[SUPPLIED DATA — start]

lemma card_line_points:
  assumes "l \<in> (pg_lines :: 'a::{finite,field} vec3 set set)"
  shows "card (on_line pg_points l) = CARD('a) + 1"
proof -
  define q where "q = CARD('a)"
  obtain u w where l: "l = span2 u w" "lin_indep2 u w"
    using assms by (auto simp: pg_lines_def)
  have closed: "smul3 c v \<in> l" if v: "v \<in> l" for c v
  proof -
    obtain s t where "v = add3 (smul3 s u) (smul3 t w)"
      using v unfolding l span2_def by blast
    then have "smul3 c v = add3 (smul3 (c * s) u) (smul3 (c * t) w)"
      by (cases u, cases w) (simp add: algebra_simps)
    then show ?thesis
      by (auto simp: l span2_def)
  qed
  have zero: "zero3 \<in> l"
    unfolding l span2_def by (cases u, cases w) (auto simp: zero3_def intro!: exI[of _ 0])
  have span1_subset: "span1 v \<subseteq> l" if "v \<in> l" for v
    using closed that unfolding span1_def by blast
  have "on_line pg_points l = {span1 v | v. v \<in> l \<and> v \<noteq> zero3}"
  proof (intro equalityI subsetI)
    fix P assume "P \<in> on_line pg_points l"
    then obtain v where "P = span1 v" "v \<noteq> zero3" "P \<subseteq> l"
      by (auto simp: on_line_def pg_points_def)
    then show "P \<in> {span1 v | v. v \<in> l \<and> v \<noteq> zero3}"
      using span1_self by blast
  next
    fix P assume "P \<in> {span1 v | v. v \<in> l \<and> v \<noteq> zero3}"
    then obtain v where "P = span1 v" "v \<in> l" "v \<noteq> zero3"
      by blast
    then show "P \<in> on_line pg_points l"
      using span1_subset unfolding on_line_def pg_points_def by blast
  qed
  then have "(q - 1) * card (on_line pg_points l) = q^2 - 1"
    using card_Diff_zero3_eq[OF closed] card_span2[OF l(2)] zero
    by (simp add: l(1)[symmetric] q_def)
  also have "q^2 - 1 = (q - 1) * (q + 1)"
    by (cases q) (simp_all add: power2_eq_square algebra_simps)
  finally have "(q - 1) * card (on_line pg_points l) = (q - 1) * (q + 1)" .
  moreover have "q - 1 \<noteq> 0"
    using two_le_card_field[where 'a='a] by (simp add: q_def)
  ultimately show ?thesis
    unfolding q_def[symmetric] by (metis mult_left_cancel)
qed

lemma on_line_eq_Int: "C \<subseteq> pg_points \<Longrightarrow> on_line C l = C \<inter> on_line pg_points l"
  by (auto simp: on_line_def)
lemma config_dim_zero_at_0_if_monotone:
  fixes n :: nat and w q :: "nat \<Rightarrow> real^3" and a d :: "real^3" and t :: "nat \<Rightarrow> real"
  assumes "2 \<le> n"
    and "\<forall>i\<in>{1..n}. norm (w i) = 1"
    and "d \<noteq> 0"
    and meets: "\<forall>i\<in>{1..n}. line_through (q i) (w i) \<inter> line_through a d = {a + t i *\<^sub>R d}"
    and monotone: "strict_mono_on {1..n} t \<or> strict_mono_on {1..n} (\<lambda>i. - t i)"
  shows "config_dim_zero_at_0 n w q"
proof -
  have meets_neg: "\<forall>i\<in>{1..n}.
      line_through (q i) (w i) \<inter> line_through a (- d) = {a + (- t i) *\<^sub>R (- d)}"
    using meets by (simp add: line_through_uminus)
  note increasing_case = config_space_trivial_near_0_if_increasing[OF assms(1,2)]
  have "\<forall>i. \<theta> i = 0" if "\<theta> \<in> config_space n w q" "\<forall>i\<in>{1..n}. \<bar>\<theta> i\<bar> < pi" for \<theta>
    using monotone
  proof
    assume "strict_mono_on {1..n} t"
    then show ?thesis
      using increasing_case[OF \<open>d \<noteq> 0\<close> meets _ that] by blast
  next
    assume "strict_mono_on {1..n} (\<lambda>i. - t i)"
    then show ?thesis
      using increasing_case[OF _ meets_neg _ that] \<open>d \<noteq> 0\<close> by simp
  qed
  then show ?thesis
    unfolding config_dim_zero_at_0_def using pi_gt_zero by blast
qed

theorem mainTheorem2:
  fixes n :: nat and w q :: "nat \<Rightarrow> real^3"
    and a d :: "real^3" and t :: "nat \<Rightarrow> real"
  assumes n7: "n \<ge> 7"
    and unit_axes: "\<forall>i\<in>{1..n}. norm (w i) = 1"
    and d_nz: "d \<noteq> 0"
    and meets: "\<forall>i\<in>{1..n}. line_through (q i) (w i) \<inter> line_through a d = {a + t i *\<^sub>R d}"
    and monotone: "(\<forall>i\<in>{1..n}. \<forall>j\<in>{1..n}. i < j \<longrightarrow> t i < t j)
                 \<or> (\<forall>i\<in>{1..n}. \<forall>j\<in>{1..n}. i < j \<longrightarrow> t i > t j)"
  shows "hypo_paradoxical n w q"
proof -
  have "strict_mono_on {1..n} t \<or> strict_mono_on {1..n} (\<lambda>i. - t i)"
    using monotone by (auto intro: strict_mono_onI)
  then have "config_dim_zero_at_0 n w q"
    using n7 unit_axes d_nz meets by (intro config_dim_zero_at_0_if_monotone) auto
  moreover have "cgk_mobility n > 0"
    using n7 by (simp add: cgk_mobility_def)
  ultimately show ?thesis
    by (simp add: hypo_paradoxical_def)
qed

[SUPPLIED DATA — finish]

◆ **AIM OF THE EXERCISE**: How many lines in the records above contain the word "cases"? State that number and nothing more.

◆ **ANSWER TO THIS TASK**: 3